Private Placement Notice
The investment opportunities featured on this website are intended exclusively for sophisticated partners and “Accredited Investors” as defined by Rule 501 of Regulation D under the Securities Act of 1933.
These opportunities represent private placements; they have not been registered under the Securities Act of 1933, as amended, or the securities laws of any state or other jurisdiction. Neither the Securities and Exchange Commission (SEC) nor any state securities commission or regulatory authority has approved, passed upon, or endorsed the merits of these offerings or the accuracy or adequacy of the information presented herein.
No Public Offering
The content provided on this website does not constitute an offer to sell or a solicitation of an offer to buy any securities. Such an offer may only be made through a formal Private Placement Memorandum (PPM) or an Operating Agreement, which contains important information about investment objectives, risks, fees, and expenses. Partners should read these documents carefully before making any investment decisions.
No Professional Advice
The information contained on this site is for informational purposes only and does not constitute legal, tax, investment, or financial advice.

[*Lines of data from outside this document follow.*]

(* Let $M\ge2$, $K\ge1$ be integers and let $\gamma_{0d},\sigma_{0d},\gamma_{0r},\sigma_{0r},\gamma_{rd},\sigma_{rd}>0$ ($r=1,\dots,K$) be constants. A message $m\in\{0,\dots,M-1\}$ is encoded as $\mathbf{s}=[s(l-1),s(l)]^T$ with $|s(l-1)|=1$ ($s(l-1)$ known and independent of $m$) and $s(l)=s(l-1)e^{j2\pi m/M}$. The destination observes $$\mathbf{y}_{0d}=\sigma_{0d}\big(\sqrt{\gamma_{0d}}\,h_{0d}\mathbf{s}+\mathbf{n}_{0d}\big),\qquad \mathbf{y}_{rd}=\sigma_{0r}\sigma_{rd}\sqrt{\gamma_{0r}\gamma_{rd}}\,h_{0r}h_{rd}\mathbf{s}+\sigma_{0r}\sigma_{rd}\sqrt{\gamma_{rd}}\,h_{rd}\mathbf{n}_{0r}+\sigma_{rd}\mathbf{n}_{rd},\quad r=1,\dots,K,$$ where $\mathbf{y}_{ij}=[y_{ij}(l-1),y_{ij}(l)]^T$, the scalars $h_{0d},h_{0r},h_{rd}\sim\mathcal{CN}(0,1)$ and the vectors $\mathbf{n}_{0d},\mathbf{n}_{0r},\mathbf{n}_{rd}\sim\mathcal{CN}(\mathbf{0},\mathbf{I}_2)$ ($r=1,\dots,K$) are all mutually independent and independent of $m$. Then the maximum-likelihood detector of $m$ from $(\mathbf{y}_{0d},\mathbf{y}_{1d},\dots,\mathbf{y}_{Kd})$, i.e. $\hat m=\arg\max_m f(\mathbf{y}_{0d},\mathbf{y}_{1d},\dots,\mathbf{y}_{Kd}\mid m)$, is equivalently $$\hat m=\arg\max_{m\in\{0,\dots,M-1\}}\Bigg\{\frac{2\gamma_{0d}}{1+2\gamma_{0d}}\frac{\Re\{y_{0d}(l-1)y_{0d}^*(l)e^{j2\pi m/M}\}}{\sigma_{0d}^2}+\sum_{r=1}^K\ln I\Big(\sigma_{0r}^2\gamma_{rd},\ (1+2\gamma_{0r})\sigma_{0r}^2\gamma_{rd},\ \frac{|y_{rd}(l)-y_{rd}(l-1)e^{j2\pi m/M}|^2}{2\sigma_{rd}^2},\ \frac{|y_{rd}(l)+y_{rd}(l-1)e^{j2\pi m/M}|^2}{2\sigma_{rd}^2},\ 1\Big)\Bigg\}.$$
   Context: $\mathcal{CN}(\boldsymbol{\mu},\boldsymbol{\Sigma})$ denotes a circularly symmetric complex Gaussian distribution; $\Re$ is real part, $^*$ complex conjugate. For $\epsilon_1,\epsilon_2>0$, $\beta_1,\beta_2\ge 0$, $\lambda>0$, $$I(\epsilon_1,\epsilon_2,\beta_1,\beta_2,\lambda)=\int_0^\infty \frac{\exp\!\Big[-\Big(x+\frac{\beta_1}{1+\epsilon_1x}+\frac{\beta_2}{1+\epsilon_2x}\Big)\Big]}{(1+\epsilon_1x)^{\lambda}(1+\epsilon_2x)}\,dx.$$ (This model covers both the power-splitting and time-switching noncoherent amplify-and-forward energy-harvesting relay protocols via appropriate choices of the constants $\gamma,\sigma$.) *)

theory Defs
  imports "HOL-Probability.Probability"
begin

definition cn_std :: "complex measure" where
  "cn_std = density lborel (\<lambda>z. ennreal (exp (- ((cmod z)^2)) / pi))"

text \<open>Random quantities attached to one link index i, all independent:
  (h1, h2, n1, n2) with h1, h2 ~ CN(0,1) and n1, n2 ~ CN(0, I_2).
  Index 0 (direct link): h_0d = h1, n_0d = n1 (h2, n2 unused).
  Index r >= 1 (relay r): h_0r = h1, h_rd = h2, n_0r = n1, n_rd = n2.\<close>
definition link_noise :: "(complex \<times> complex \<times> (complex \<times> complex) \<times> (complex \<times> complex)) measure" where
  "link_noise = cn_std \<Otimes>\<^sub>M (cn_std \<Otimes>\<^sub>M ((cn_std \<Otimes>\<^sub>M cn_std) \<Otimes>\<^sub>M (cn_std \<Otimes>\<^sub>M cn_std)))"

text \<open>Complex scalar times a vector of C^2 (pair (first = time l-1, second = time l)).\<close>
definition csc :: "complex \<Rightarrow> complex \<times> complex \<Rightarrow> complex \<times> complex" where
  "csc c v = (c * fst v, c * snd v)"

definition symb :: "nat \<Rightarrow> complex \<Rightarrow> nat \<Rightarrow> complex \<times> complex" where
  "symb M s0 m = (s0, s0 * cis (2 * pi * real m / real M))"

text \<open>Observations at the destination: index 0 is y_0d, index r in {1..K} is y_rd.\<close>
definition obs ::
  "nat \<Rightarrow> nat \<Rightarrow> complex \<Rightarrow> real \<Rightarrow> real \<Rightarrow> (nat \<Rightarrow> real) \<Rightarrow> (nat \<Rightarrow> real)
   \<Rightarrow> (nat \<Rightarrow> real) \<Rightarrow> (nat \<Rightarrow> real) \<Rightarrow> nat
   \<Rightarrow> (nat \<Rightarrow> complex \<times> complex \<times> (complex \<times> complex) \<times> (complex \<times> complex))
   \<Rightarrow> (nat \<Rightarrow> complex \<times> complex)" where
  "obs M K s0 g0d s0d g0r s0r grd srd m \<omega> =
     (\<lambda>i\<in>{0..K}. case \<omega> i of (h1, h2, n1, n2) \<Rightarrow>
        if i = 0 then
          csc (complex_of_real s0d) (csc (complex_of_real (sqrt g0d) * h1) (symb M s0 m) + n1)
        else
          csc (complex_of_real (s0r i * srd i * sqrt (g0r i * grd i)) * h1 * h2) (symb M s0 m)
          + csc (complex_of_real (s0r i * srd i * sqrt (grd i)) * h2) n1
          + csc (complex_of_real (srd i)) n2)"

definition Ifun :: "real \<Rightarrow> real \<Rightarrow> real \<Rightarrow> real \<Rightarrow> real \<Rightarrow> real" where
  "Ifun e1 e2 b1 b2 lam =
     (LBINT x:{0..}. exp (- (x + b1 / (1 + e1 * x) + b2 / (1 + e2 * x)))
                     / ((1 + e1 * x) powr lam * (1 + e2 * x)))"

definition metric ::
  "nat \<Rightarrow> nat \<Rightarrow> real \<Rightarrow> real \<Rightarrow> (nat \<Rightarrow> real) \<Rightarrow> (nat \<Rightarrow> real)
   \<Rightarrow> (nat \<Rightarrow> real) \<Rightarrow> (nat \<Rightarrow> real) \<Rightarrow> nat \<Rightarrow> (nat \<Rightarrow> complex \<times> complex) \<Rightarrow> real" where
  "metric M K g0d s0d g0r s0r grd srd m y =
     (let e = cis (2 * pi * real m / real M) in
      2 * g0d / (1 + 2 * g0d) * Re (fst (y 0) * cnj (snd (y 0)) * e) / s0d^2
      + (\<Sum>r = 1..K. ln (Ifun ((s0r r)^2 * grd r) ((1 + 2 * g0r r) * (s0r r)^2 * grd r)
                        ((cmod (snd (y r) - fst (y r) * e))^2 / (2 * (srd r)^2))
                        ((cmod (snd (y r) + fst (y r) * e))^2 / (2 * (srd r)^2))
                        1)))"

end

theory Submission
  imports Defs
begin

text \<open>Conditionally on the fading coefficients every observation is Gaussian, so each link density is
  an average of Gaussian densities. For the direct link the average over \<open>h_0d\<close> is a Gaussian
  integral over the complex plane; it leaves a density whose only dependence on \<open>m\<close> is the factor
  \<open>exp (2 g0d / (1 + 2 g0d) * Re (y_0d(l-1) * cnj (y_0d(l)) * e^(j 2 pi m / M)) / s0d^2)\<close>. For relay \<open>r\<close>,
  given \<open>h_rd\<close> the noises \<open>n_rd\<close>, \<open>n_0r\<close> and the fading \<open>h_0r\<close> can again be integrated out in closed
  form; the remaining average over \<open>h_rd\<close> only involves \<open>x = |h_rd|^2\<close>, which is exponentially
  distributed, and produces \<open>I(..., 1) / (pi^2 srd^4)\<close>. The links are independent, so the likelihood
  is the product of these densities: a positive factor independent of \<open>m\<close> times the exponential of
  the metric. Densities are unique only almost everywhere, hence the arg max sets agree almost
  everywhere.\<close>

section \<open>Gaussian integrals over the complex plane\<close>

lemma borel_measurable_cnj[measurable]: "cnj \<in> borel_measurable borel"
  by (intro borel_measurable_continuous_onI continuous_intros)

lemma emeasure_lborel_cmod_power2_atMost:
  "emeasure (lborel::complex measure) ((\<lambda>z. (cmod z)^2) -` {..a}) = ennreal (pi * max a 0)"
proof (cases "a \<ge> 0")
  case True
  have "(\<lambda>z::complex. (cmod z)^2) -` {..a} = cball 0 (sqrt a)"
    using True by (auto intro: real_le_rsqrt) (metis norm_ge_zero power_mono real_sqrt_pow2)
  then show ?thesis
    using True by (simp add: emeasure_cball unit_ball_vol_2)
next
  case False
  then have "(\<lambda>z::complex. (cmod z)^2) -` {..a} = {}"
    by auto (smt (verit) zero_le_power2)
  then show ?thesis
    using False by simp
qed

lemma distr_lborel_cmod_power2:
  "distr (lborel::complex measure) borel (\<lambda>z. (cmod z)^2) = density lborel (\<lambda>x. ennreal pi * indicator {0..} x)"
proof (rule measure_eqI_generator_eq_countable[where E="range atMost" and \<Omega>=UNIV
        and A="range (\<lambda>n::nat. {..real n})"])
  have "sets (borel::real measure) = sigma_sets UNIV (range atMost)"
    by (subst borel_eq_atMost) (rule sets_measure_of, simp)
  then show "sets (distr lborel borel (\<lambda>z::complex. (cmod z)\<^sup>2)) = sigma_sets UNIV (range atMost)"
    and "sets (density lborel (\<lambda>x::real. ennreal pi * indicator {0..} x)) = sigma_sets UNIV (range atMost)"
    by simp_all
  have distr_atMost: "emeasure (distr (lborel::complex measure) borel (\<lambda>z. (cmod z)^2)) {..a} = ennreal (pi * max a 0)"
    for a :: real
    by (subst emeasure_distr) (auto simp: emeasure_lborel_cmod_power2_atMost)
  have density_atMost:
    "emeasure (density lborel (\<lambda>x. ennreal pi * indicator {0..} x)) {..a} = ennreal (pi * max a 0)" for a :: real
  proof -
    have "emeasure (density lborel (\<lambda>x. ennreal pi * indicator {0..} x)) {..a}
        = (\<integral>\<^sup>+x. ennreal pi * indicator {0..a} x \<partial>lborel)"
      by (subst emeasure_density) (auto intro!: nn_integral_cong split: split_indicator simp: mult_ac)
    also have "\<dots> = ennreal (pi * max a 0)"
      by (cases "a \<ge> 0") (auto simp: nn_integral_cmult_indicator ennreal_mult)
    finally show ?thesis .
  qed
  show "\<And>X. X \<in> range atMost \<Longrightarrow> emeasure (distr lborel borel (\<lambda>z::complex. (cmod z)\<^sup>2)) X =
          emeasure (density lborel (\<lambda>x::real. ennreal pi * indicator {0..} x)) X"
    using distr_atMost density_atMost by auto
  show "\<And>a. a \<in> range (\<lambda>n::nat. {..real n}) \<Longrightarrow> emeasure (distr lborel borel (\<lambda>z::complex. (cmod z)\<^sup>2)) a \<noteq> \<infinity>"
    using distr_atMost by auto
  show "\<Union> (range (\<lambda>n::nat. {..real n})) = UNIV"
    by (auto intro: real_arch_simple)
qed (auto simp: Int_stable_def)

lemma nn_integral_lborel_cmod_power2:
  fixes \<phi> :: "real \<Rightarrow> ennreal"
  assumes [measurable]: "\<phi> \<in> borel_measurable borel"
  shows "(\<integral>\<^sup>+z. \<phi> ((cmod z)^2) \<partial>(lborel::complex measure)) = (\<integral>\<^sup>+x. ennreal pi * indicator {0..} x * \<phi> x \<partial>lborel)"
proof -
  have "(\<integral>\<^sup>+z. \<phi> ((cmod z)^2) \<partial>(lborel::complex measure))
      = (\<integral>\<^sup>+x. \<phi> x \<partial>distr (lborel::complex measure) borel (\<lambda>z. (cmod z)^2))"
    by (subst nn_integral_distr) auto
  then show ?thesis
    unfolding distr_lborel_cmod_power2 by (subst (asm) nn_integral_density) auto
qed

lemma nn_integral_exp_neg_atLeast0:
  assumes "p > 0"
  shows "(\<integral>\<^sup>+x. indicator {0..} x * ennreal (exp (- (p * x))) \<partial>lborel) = ennreal (1/p)"
proof -
  interpret prob_space "density lborel (exponential_density p)"
    using prob_space_exponential_density[OF assms] .
  have "1 = (\<integral>\<^sup>+x. ennreal (exponential_density p x) \<partial>lborel)"
    using emeasure_space_1 by (simp add: emeasure_density)
  also have "\<dots> = (\<integral>\<^sup>+x. ennreal p * (indicator {0..} x * ennreal (exp (- (p * x)))) \<partial>lborel)"
    using assms by (intro nn_integral_cong)
      (auto simp: exponential_density_def ennreal_mult mult_ac split: split_indicator)
  also have "\<dots> = ennreal p * (\<integral>\<^sup>+x. indicator {0..} x * ennreal (exp (- (p * x))) \<partial>lborel)"
    by (rule nn_integral_cmult) auto
  finally have "ennreal (1/p) * 1 = ennreal (1/p) * ennreal p * (\<integral>\<^sup>+x. indicator {0..} x * ennreal (exp (- (p * x))) \<partial>lborel)"
    by (simp add: mult.assoc)
  then show ?thesis
    using assms by (simp add: ennreal_mult[symmetric])
qed

lemma nn_integral_complex_gaussian:
  assumes "p > 0"
  shows "(\<integral>\<^sup>+z. ennreal (exp (- (p * (cmod z)^2))) \<partial>(lborel::complex measure)) = ennreal (pi/p)"
proof -
  have "(\<integral>\<^sup>+z. ennreal (exp (- (p * (cmod z)^2))) \<partial>(lborel::complex measure))
      = (\<integral>\<^sup>+x. ennreal pi * (indicator {0..} x * ennreal (exp (- (p * x)))) \<partial>lborel)"
    by (subst nn_integral_lborel_cmod_power2) (auto simp: mult.assoc)
  also have "\<dots> = ennreal (pi/p)"
    using assms by (simp add: nn_integral_cmult nn_integral_exp_neg_atLeast0 ennreal_mult[symmetric])
  finally show ?thesis .
qed

lemma nn_integral_lborel_translate:
  fixes g :: "'a::euclidean_space \<Rightarrow> ennreal"
  assumes [measurable]: "g \<in> borel_measurable borel"
  shows "(\<integral>\<^sup>+z. g z \<partial>lborel) = (\<integral>\<^sup>+z. g (c + z) \<partial>lborel)"
  by (subst lborel_distr_plus[symmetric, of c]) (simp add: nn_integral_distr)

lemma nn_integral_complex_gaussian_linear:
  assumes p: "p > 0"
  shows "(\<integral>\<^sup>+z. ennreal (exp (- p * (cmod z)^2 + 2 * Re (cnj z * w))) \<partial>(lborel::complex measure))
       = ennreal (pi / p * exp ((cmod w)^2 / p))"
proof -
  let ?c = "w / complex_of_real p"
  have complete_square: "- p * (cmod z)^2 + 2 * Re (cnj z * w) = (cmod w)^2 / p + (- p * (cmod (z - ?c))^2)" for z
    unfolding cmod_power2 using p by (simp add: field_simps power2_eq_square)
  have "(\<integral>\<^sup>+z. ennreal (exp (- p * (cmod z)^2 + 2 * Re (cnj z * w))) \<partial>(lborel::complex measure))
    = (\<integral>\<^sup>+z. ennreal (exp ((cmod w)^2 / p)) * ennreal (exp (- p * (cmod (z - ?c))^2)) \<partial>lborel)"
    by (intro nn_integral_cong) (subst complete_square, simp add: ennreal_mult[symmetric] exp_add[symmetric])
  also have "\<dots> = (\<integral>\<^sup>+z. ennreal (exp ((cmod w)^2 / p)) * ennreal (exp (- p * (cmod (?c + z - ?c))^2)) \<partial>lborel)"
    by (rule nn_integral_lborel_translate) auto
  also have "\<dots> = ennreal (exp ((cmod w)^2 / p)) * (\<integral>\<^sup>+z. ennreal (exp (- p * (cmod z)^2)) \<partial>lborel)"
    by (subst nn_integral_cmult) auto
  also have "\<dots> = ennreal (pi / p * exp ((cmod w)^2 / p))"
    using p by (simp add: nn_integral_complex_gaussian ennreal_mult[symmetric] mult_ac)
  finally show ?thesis .
qed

TerraNova Alliance and its affiliates are not acting as your fiduciary or advisor.
Consultation: We strongly recommend that all prospective partners consult with their own legal counsel, tax advisor, and financial planner to determine the suitability of any investment.
Risk Acknowledgment: Private equity and real estate investments involve a high degree of risk, are illiquid, and are subject to the total loss of principal. Past performance is not indicative of future results.
Forward-Looking Statements
Certain information on this website may contain “forward-looking statements.” These are based on current expectations and projections about future events and are subject to change without notice. No representation is made that any projected results or returns will actually be achieved.
Note to User: While this covers the standard SEC/FINRA bases, it is best practice to have your final legal counsel review this text to ensure it aligns with the specific structure of your partnership (e.g., 506(b) vs. 506(c) offerings).